It can be understood that the inductor 400 provided in embodiments can generate the inductance when the differential-mode current or the common-mode current are applied. In this case, the inductor 400 can generate both differential-mode inductance and common-mode inductance. The inductor 400 is an inductor integrating a differential-mode inductor and a common-mode inductor.

Which one of the first current and the second current is the differential-mode current and which one is the common-mode current is not limited in embodiments. Alternatively, this is described as follows: which magnetic core generates the differential-mode inductance and which magnetic core generates the common-mode inductance are not limited in embodiments.

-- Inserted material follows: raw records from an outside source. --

(* There exist $5$-qubit UPBs of sizes $8$, $9$ and $10$, and there exists a $6$-qubit UPB of size $9$.
   Context: A product state in $(\mathbb{C}^2)^{\otimes p}$ is a vector $|v_1\rangle\otimes\cdots\otimes|v_p\rangle$ with each $|v_j\rangle\in\mathbb{C}^2$. A $p$-qubit unextendible product basis (UPB) is a finite set $\mathcal{S}\subseteq(\mathbb{C}^2)^{\otimes p}$ of unit product vectors that are pairwise orthogonal, such that no nonzero product vector outside $\mathcal{S}$ is orthogonal to every element of $\mathcal{S}$; its size is its number of elements. *)

theory Defs
  imports Complex_Main
begin

text \<open>The space (C^2)^{tensor p} is modelled as complex-valued functions on
  bit strings (bool lists) of length p; values on other lists are required to be 0.
  Basis index bs corresponds to the computational basis vector |bs_0 ... bs_{p-1}>.\<close>

definition qidx :: "nat \<Rightarrow> bool list set" where
  "qidx p = {bs. length bs = p}"

definition qvec :: "nat \<Rightarrow> (bool list \<Rightarrow> complex) set" where
  "qvec p = {f. \<forall>bs. length bs \<noteq> p \<longrightarrow> f bs = 0}"

definition qinner :: "nat \<Rightarrow> (bool list \<Rightarrow> complex) \<Rightarrow> (bool list \<Rightarrow> complex) \<Rightarrow> complex" where
  "qinner p f g = (\<Sum>bs\<in>qidx p. cnj (f bs) * g bs)"

definition tensor :: "nat \<Rightarrow> (nat \<Rightarrow> bool \<Rightarrow> complex) \<Rightarrow> bool list \<Rightarrow> complex" where
  "tensor p v = (\<lambda>bs. if length bs = p then (\<Prod>j<p. v j (bs ! j)) else 0)"

definition product_vec :: "nat \<Rightarrow> (bool list \<Rightarrow> complex) \<Rightarrow> bool" where
  "product_vec p f \<longleftrightarrow> (\<exists>v. f = tensor p v)"

definition is_UPB :: "nat \<Rightarrow> (bool list \<Rightarrow> complex) set \<Rightarrow> bool" where
  "is_UPB p S \<longleftrightarrow>
     finite S \<and>
     (\<forall>s\<in>S. product_vec p s \<and> qinner p s s = 1) \<and>
     (\<forall>s\<in>S. \<forall>t\<in>S. s \<noteq> t \<longrightarrow> qinner p s t = 0) \<and>
     (\<forall>w. product_vec p w \<and> w \<noteq> (\<lambda>_. 0) \<and> w \<notin> S \<longrightarrow> (\<exists>s\<in>S. qinner p s w \<noteq> 0))"

end

theory Submission
  imports Defs
begin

In some examples, because the differential-mode current is a working current of the inductor 400, the differential-mode inductance generated by the inductor 400 does not need to be excessively large (the differential-mode inductance is approximately 10 μH to 100 μH). Otherwise, the working current of the inductor 400 is affected. The differential-mode inductance only needs to reduce an amplitude of a ripple current in the differential-mode current and slow down a change trend of the differential-mode current. However, because the common-mode current is the interference current, or is interference noise in an EMI protection design, the common-mode current needs to be eliminated. Therefore, the inductor 400 needs to generate large common-mode inductance (approximately 1 mH or higher) to improve EMI protection.

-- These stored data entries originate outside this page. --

(* For every finite graph $G$ with maximum degree $\Delta\ge 1$, $\chi_s(G)\le 2\sqrt{2}\,\Delta^{3/2}+\Delta$.
   Context: A star coloring of a graph is a proper vertex-coloring in which every path on four vertices contains at least three colors (equivalently, any two color classes induce a forest of stars). The star chromatic number $\chi_s(G)$ is the minimum number of colors in a star coloring of $G$. *)

theory Defs
  imports Complex_Main
begin

definition fin_graph :: "'a set \<Rightarrow> ('a \<Rightarrow> 'a \<Rightarrow> bool) \<Rightarrow> bool" where
  "fin_graph V E \<longleftrightarrow> finite V \<and> (\<forall>u v. E u v \<longrightarrow> u \<in> V \<and> v \<in> V)
     \<and> (\<forall>u v. E u v \<longrightarrow> E v u) \<and> (\<forall>v. \<not> E v v)"

definition degree :: "'a set \<Rightarrow> ('a \<Rightarrow> 'a \<Rightarrow> bool) \<Rightarrow> 'a \<Rightarrow> nat" where
  "degree V E v = card {u \<in> V. E v u}"

definition max_degree :: "'a set \<Rightarrow> ('a \<Rightarrow> 'a \<Rightarrow> bool) \<Rightarrow> nat" where
  "max_degree V E = Max (insert 0 (degree V E ` V))"

definition star_coloring :: "'a set \<Rightarrow> ('a \<Rightarrow> 'a \<Rightarrow> bool) \<Rightarrow> nat \<Rightarrow> ('a \<Rightarrow> nat) \<Rightarrow> bool" where
  "star_coloring V E k c \<longleftrightarrow>
     (\<forall>v\<in>V. c v < k)
     \<and> (\<forall>u v. E u v \<longrightarrow> c u \<noteq> c v)
     \<and> (\<forall>a b d e. distinct [a, b, d, e] \<and> E a b \<and> E b d \<and> E d e
          \<longrightarrow> card {c a, c b, c d, c e} \<ge> 3)"

definition star_chromatic_number :: "'a set \<Rightarrow> ('a \<Rightarrow> 'a \<Rightarrow> bool) \<Rightarrow> nat" where
  "star_chromatic_number V E = (LEAST k. \<exists>c. star_coloring V E k c)"

end

theory Submission imports Defs "HOL-Library.FuncSet" begin

text \<open>Rosenfeld-style counting. Let \<open>C(S)\<close> be the number of star colourings of \<open>G[S]\<close>
  with \<open>k\<close> colours. One shows \<open>C(S + v) \<ge> \<beta> C(S)\<close> by induction on \<open>|S|\<close>. Colouring \<open>v\<close>
  differently from its neighbours in \<open>S\<close> gives at least \<open>(k - \<Delta>) C(S)\<close> proper extensions.
  An extension that is not a star colouring contains a bicoloured path on four vertices
  through \<open>v\<close>; it is determined by that path (at most \<open>2\<Delta>(\<Delta>-1)\<^sup>2\<close> choices) and by its
  restriction to \<open>S\<close> minus one vertex of the path (at most \<open>C(S)/\<beta>\<close> choices, by induction).
  Hence \<open>C(S + v) \<ge> (k - \<Delta> - 2\<Delta>(\<Delta>-1)\<^sup>2/\<beta>) C(S) \<ge> \<beta> C(S)\<close>, and \<open>C(V) > 0\<close>. The choice
  \<open>\<beta> = \<surd>2 \<Delta>\<^bsup>3/2\<^esup>\<close> makes the last inequality hold for \<open>k = \<lfloor>2\<surd>2 \<Delta>\<^bsup>3/2\<^esup> + \<Delta>\<rfloor>\<close>.\<close>

definition star_colorings :: "('a \<Rightarrow> 'a \<Rightarrow> bool) \<Rightarrow> nat \<Rightarrow> 'a set \<Rightarrow> ('a \<Rightarrow> nat) set" where
  "star_colorings E k S = {c \<in> S \<rightarrow>\<^sub>E {..<k}. (\<forall>u\<in>S. \<forall>w\<in>S. E u w \<longrightarrow> c u \<noteq> c w) \<and>
     (\<forall>a\<in>S. \<forall>b\<in>S. \<forall>d\<in>S. \<forall>e\<in>S.
        distinct [a, b, d, e] \<and> E a b \<and> E b d \<and> E d e \<longrightarrow> \<not> (c a = c d \<and> c b = c e))}"

lemma restrict_in_star_colorings:
  "T \<subseteq> S \<Longrightarrow> c \<in> star_colorings E k S \<Longrightarrow> restrict c T \<in> star_colorings E k T"
  unfolding star_colorings_def by (simp add: PiE_iff subset_iff) blast

lemma finite_star_colorings: "finite S \<Longrightarrow> finite (star_colorings E k S)"
  unfolding star_colorings_def
  by (rule finite_subset[OF _ finite_PiE[of S "\<lambda>_. {..<k}"]]) auto

lemma star_colorings_empty: "(\<lambda>_. undefined) \<in> star_colorings E k {}"
  unfolding star_colorings_def by auto

lemma star_coloring_if_in_star_colorings:
  assumes G: "fin_graph V E" and c: "c \<in> star_colorings E k V"
  shows "star_coloring V E k c"
  unfolding star_coloring_def
proof (intro conjI allI impI)
  have EV: "E u w \<Longrightarrow> u \<in> V \<and> w \<in> V" for u w using G unfolding fin_graph_def by auto
  have proper: "\<forall>u\<in>V. \<forall>w\<in>V. E u w \<longrightarrow> c u \<noteq> c w"
    and star: "\<forall>a\<in>V. \<forall>b\<in>V. \<forall>d\<in>V. \<forall>e\<in>V. distinct [a, b, d, e] \<and> E a b \<and> E b d \<and> E d e
                 \<longrightarrow> \<not> (c a = c d \<and> c b = c e)"
    using c unfolding star_colorings_def by blast+
  show "\<forall>v\<in>V. c v < k" using c unfolding star_colorings_def by auto
  show "c u \<noteq> c v" if "E u v" for u v using proper EV that by blast
  fix a b d e assume path: "distinct [a, b, d, e] \<and> E a b \<and> E b d \<and> E d e"
  then have "a \<in> V" "b \<in> V" "d \<in> V" "e \<in> V" using EV by auto
  then have "c a \<noteq> c b" "c b \<noteq> c d" "c d \<noteq> c e" "\<not> (c a = c d \<and> c b = c e)"
    using proper star path by blast+
  then have "card {c a, c b, c d} = 3 \<or> card {c b, c d, c e} = 3" by auto
  moreover have "card {c a, c b, c d} \<le> card {c a, c b, c d, c e}"
    and "card {c b, c d, c e} \<le> card {c a, c b, c d, c e}" by (intro card_mono; auto)+
  ultimately show "3 \<le> card {c a, c b, c d, c e}" by linarith
qed

lemma card_Sigma_Sigma_le:
  assumes "finite X" "card X \<le> D"
    and "\<And>x. x \<in> X \<Longrightarrow> finite (Y x) \<and> card (Y x) \<le> m"
    and "\<And>x y. x \<in> X \<Longrightarrow> y \<in> Y x \<Longrightarrow> finite (Z x y) \<and> card (Z x y) \<le> m"
  shows "card (SIGMA x:X. SIGMA y:Y x. Z x y) \<le> D * m * m"
proof -
  have "card (SIGMA x:X. SIGMA y:Y x. Z x y) = (\<Sum>x\<in>X. \<Sum>y\<in>Y x. card (Z x y))"
    using assms by simp
  also have "\<dots> \<le> (\<Sum>x\<in>X. \<Sum>y\<in>Y x. m)"
    using assms by (intro sum_mono) auto
  also have "\<dots> \<le> (\<Sum>x\<in>X. m * m)"
    using assms by (intro sum_mono) (auto intro: mult_right_mono)
  also have "\<dots> \<le> D * m * m" using assms by (simp add: mult_right_mono)
  finally show ?thesis .
qed

lemma card_UN_le_card_mult:
  assumes "finite P" "\<And>p. p \<in> P \<Longrightarrow> finite (B p) \<and> real (card (B p)) \<le> M"
  shows "real (card (\<Union>p\<in>P. B p)) \<le> real (card P) * M"
proof -
  have "card (\<Union>p\<in>P. B p) \<le> (\<Sum>p\<in>P. card (B p))"
    using assms(1) by (rule card_UN_le)
  then have "real (card (\<Union>p\<in>P. B p)) \<le> (\<Sum>p\<in>P. real (card (B p)))"
    by (metis of_nat_le_iff of_nat_sum)
  also have "\<dots> \<le> (\<Sum>p\<in>P. M)"
    using assms(2) by (intro sum_mono) auto
  finally show ?thesis by simp
qed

Thus, the inductor 400 needs to generate the large common-mode inductance. A size of the first magnetic core 1 and a size of the second magnetic core 2 are far greater than a size of the third magnetic core 5. Therefore, the second current is set to the common-mode current. For example, when the common-mode current is applied to the first winding 3 and the second winding 4, the direction of the magnetic field generated by the first winding 3 is the same as the direction of the magnetic field generated by the second winding 4, so that the common-mode inductance can be generated by the first magnetic core 1 and the second magnetic core 2, and large common-mode inductance can be implemented. However, when the differential-mode current is applied to the first winding 3 and the second winding 4, the direction of the magnetic field generated by the first winding 3 is opposite to the direction of the magnetic field generated by the second winding 4, so that the differential-mode inductance can be generated by the third magnetic core 5.

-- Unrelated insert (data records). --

lemma norm_le_of_eigen_coordinate_bounds:
  fixes B :: "(real^'n) set"
  assumes B: "finite B" "span B = UNIV" "pairwise orthogonal B" "\<And>u. u \<in> B \<Longrightarrow> norm u = 1"
    and bound: "\<And>u. u \<in> B \<Longrightarrow> (top_block w \<bullet> u)\<^sup>2 + (bottom_block w \<bullet> u)\<^sup>2
        \<le> c\<^sup>2 * ((top_block w0 \<bullet> u)\<^sup>2 + (bottom_block w0 \<bullet> u)\<^sup>2)"
    and "0 \<le> c"
  shows "norm w \<le> c * norm w0"
proof -
  have parseval: "(norm x)\<^sup>2 = (\<Sum>u\<in>B. (x \<bullet> u)\<^sup>2)" for x :: "real^'n"
    using norm_sq_eq_sum_inner_sq[OF B(3,4) _ B(1)] B(2) by simp
  have coords: "(norm z)\<^sup>2 = (\<Sum>u\<in>B. (top_block z \<bullet> u)\<^sup>2 + (bottom_block z \<bullet> u)\<^sup>2)" for z
    by (simp only: norm_sq_blocks parseval sum.distrib)
  have "(norm w)\<^sup>2 \<le> (\<Sum>u\<in>B. c\<^sup>2 * ((top_block w0 \<bullet> u)\<^sup>2 + (bottom_block w0 \<bullet> u)\<^sup>2))"
    unfolding coords[of w] using bound by (rule sum_mono)
  also have "\<dots> = (c * norm w0)\<^sup>2"
    by (simp only: coords[of w0] sum_distrib_left power_mult_distrib)
  finally have "(norm w)\<^sup>2 \<le> (c * norm w0)\<^sup>2" .
  moreover have "0 \<le> c * norm w0" using \<open>0 \<le> c\<close> by simp
  ultimately show ?thesis by (rule power2_le_imp_le)
qed

lemma quadratic_form_le_sum_sq:
  fixes p q \<tau> \<delta> :: real
  assumes "\<tau>\<^sup>2 \<le> 4 * \<delta>"
  shows "p\<^sup>2 - \<tau> * p * q + \<delta> * q\<^sup>2 \<le> (1 + \<delta>) * (p\<^sup>2 + q\<^sup>2)"
proof -
  have "(1 + \<delta>) * (p\<^sup>2 + q\<^sup>2) - (p\<^sup>2 - \<tau> * p * q + \<delta> * q\<^sup>2)
      = (\<tau> * p + 2 * q)\<^sup>2 / 4 + (\<delta> - \<tau>\<^sup>2 / 4) * p\<^sup>2"
    by (simp add: field_simps power2_eq_square)
  also have "\<dots> \<ge> 0" using assms by (intro add_nonneg_nonneg mult_nonneg_nonneg) auto
  finally show ?thesis by simp
qed

lemma sum_sq_le_quadratic_form:
  fixes p q \<tau> \<delta> :: real
  shows "(4 * \<delta> - \<tau>\<^sup>2) * (p\<^sup>2 + q\<^sup>2) \<le> 4 * (1 + \<delta>) * (p\<^sup>2 - \<tau> * p * q + \<delta> * q\<^sup>2)"
proof -
  define X where "X = 4 * (1 + \<delta>) * (p\<^sup>2 - \<tau> * p * q + \<delta> * q\<^sup>2) - (4 * \<delta> - \<tau>\<^sup>2) * (p\<^sup>2 + q\<^sup>2)"
  have "(4 + \<tau>\<^sup>2) * X = ((4 + \<tau>\<^sup>2) * p - 2 * (1 + \<delta>) * \<tau> * q)\<^sup>2 + (4 * \<delta> - \<tau>\<^sup>2)\<^sup>2 * q\<^sup>2"
    unfolding X_def by (simp add: algebra_simps power2_eq_square)
  then have "0 \<le> (4 + \<tau>\<^sup>2) * X" by simp
  moreover have "0 < 4 + \<tau>\<^sup>2" by (simp add: add_pos_nonneg)
  ultimately have "0 \<le> X" by (simp add: zero_le_mult_iff)
  then show ?thesis unfolding X_def by simp
qed

lemma second_order_recurrence_bound:
  fixes p q :: "nat \<Rightarrow> real" and \<tau> \<delta> :: real
  assumes g: "0 < 4 * \<delta> - \<tau>\<^sup>2"
    and rec: "\<And>t. t < T \<Longrightarrow> p (Suc t) = \<tau> * p t - \<delta> * q t \<and> q (Suc t) = p t"
    and "k \<le> T"
  shows "(p k)\<^sup>2 + (q k)\<^sup>2 \<le> 4 * (1 + \<delta>)\<^sup>2 / (4 * \<delta> - \<tau>\<^sup>2) * \<delta> ^ k * ((p 0)\<^sup>2 + (q 0)\<^sup>2)"
proof -
  define Q where "Q t = (p t)\<^sup>2 - \<tau> * p t * q t + \<delta> * (q t)\<^sup>2" for t
  have "0 \<le> \<delta>" using g by (smt (verit) zero_le_power2)
  have Q_pow: "Q t = \<delta> ^ t * Q 0" if "t \<le> T" for t
    using that
  proof (induction t)
    case (Suc t)
    then have p: "p (Suc t) = \<tau> * p t - \<delta> * q t" and q: "q (Suc t) = p t" using rec by auto
    have "Q (Suc t) = \<delta> * Q t" unfolding Q_def p q by (simp add: algebra_simps power2_eq_square)
    with Suc show ?case by simp
  qed simp
  have "(4 * \<delta> - \<tau>\<^sup>2) * ((p k)\<^sup>2 + (q k)\<^sup>2) \<le> 4 * (1 + \<delta>) * (\<delta> ^ k * Q 0)"
    using sum_sq_le_quadratic_form[of \<delta> \<tau> "p k" "q k"] Q_pow[OF \<open>k \<le> T\<close>] by (simp add: Q_def)
  also have "\<dots> \<le> 4 * (1 + \<delta>) * (\<delta> ^ k * ((1 + \<delta>) * ((p 0)\<^sup>2 + (q 0)\<^sup>2)))"
    using quadratic_form_le_sum_sq[of \<tau> \<delta> "p 0" "q 0"] g \<open>0 \<le> \<delta>\<close>
    by (intro mult_left_mono) (auto simp: Q_def)
  finally show ?thesis
    using g by (simp add: field_simps power2_eq_square)
qed

lemma min_gfun_le:
  assumes "ylo \<le> y" "y \<le> yhi"
  shows "min (gfun b ylo) (gfun b yhi) \<le> gfun b y"
proof (cases "ylo = yhi")
  case False
  let ?m = "min (gfun b ylo) (gfun b yhi)"
  have "(yhi - ylo) * gfun b y = (yhi - y) * gfun b ylo + (y - ylo) * gfun b yhi
      + (1 + b)\<^sup>2 * ((yhi - y) * (y - ylo) * (yhi - ylo))"
    by (simp add: gfun_def algebra_simps power2_eq_square)
  moreover have "(yhi - y) * ?m \<le> (yhi - y) * gfun b ylo" "(y - ylo) * ?m \<le> (y - ylo) * gfun b yhi"
    using assms by (intro mult_left_mono; simp)+
  moreover have "0 \<le> (1 + b)\<^sup>2 * ((yhi - y) * (y - ylo) * (yhi - ylo))" using assms by simp
  ultimately have "(yhi - ylo) * ?m \<le> (yhi - ylo) * gfun b y" by (simp add: algebra_simps)
  with False assms show ?thesis by simp
qed (use assms in simp)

In addition, based on a design requirement, a material of the first magnetic core 1 (or the second magnetic core 2) is different from a material of the third magnetic core 5. In some examples, because the first magnetic core 1 and the second magnetic core 2 need to generate large common-mode inductance, a magnetic permeability of the first magnetic core 1 and a magnetic permeability of the second magnetic core 2 may be set to be large, so that the first magnetic core 1 and the second magnetic core 2 can generate sufficiently large common-mode inductance. In addition, the first magnetic core 1 and the second magnetic core 2 do not need a large size. For example, a material of the first magnetic core 1 and a material of the second magnetic core 2 are ferrite (for example, manganese-zinc ferrite), and the ferrite has a high magnetic permeability.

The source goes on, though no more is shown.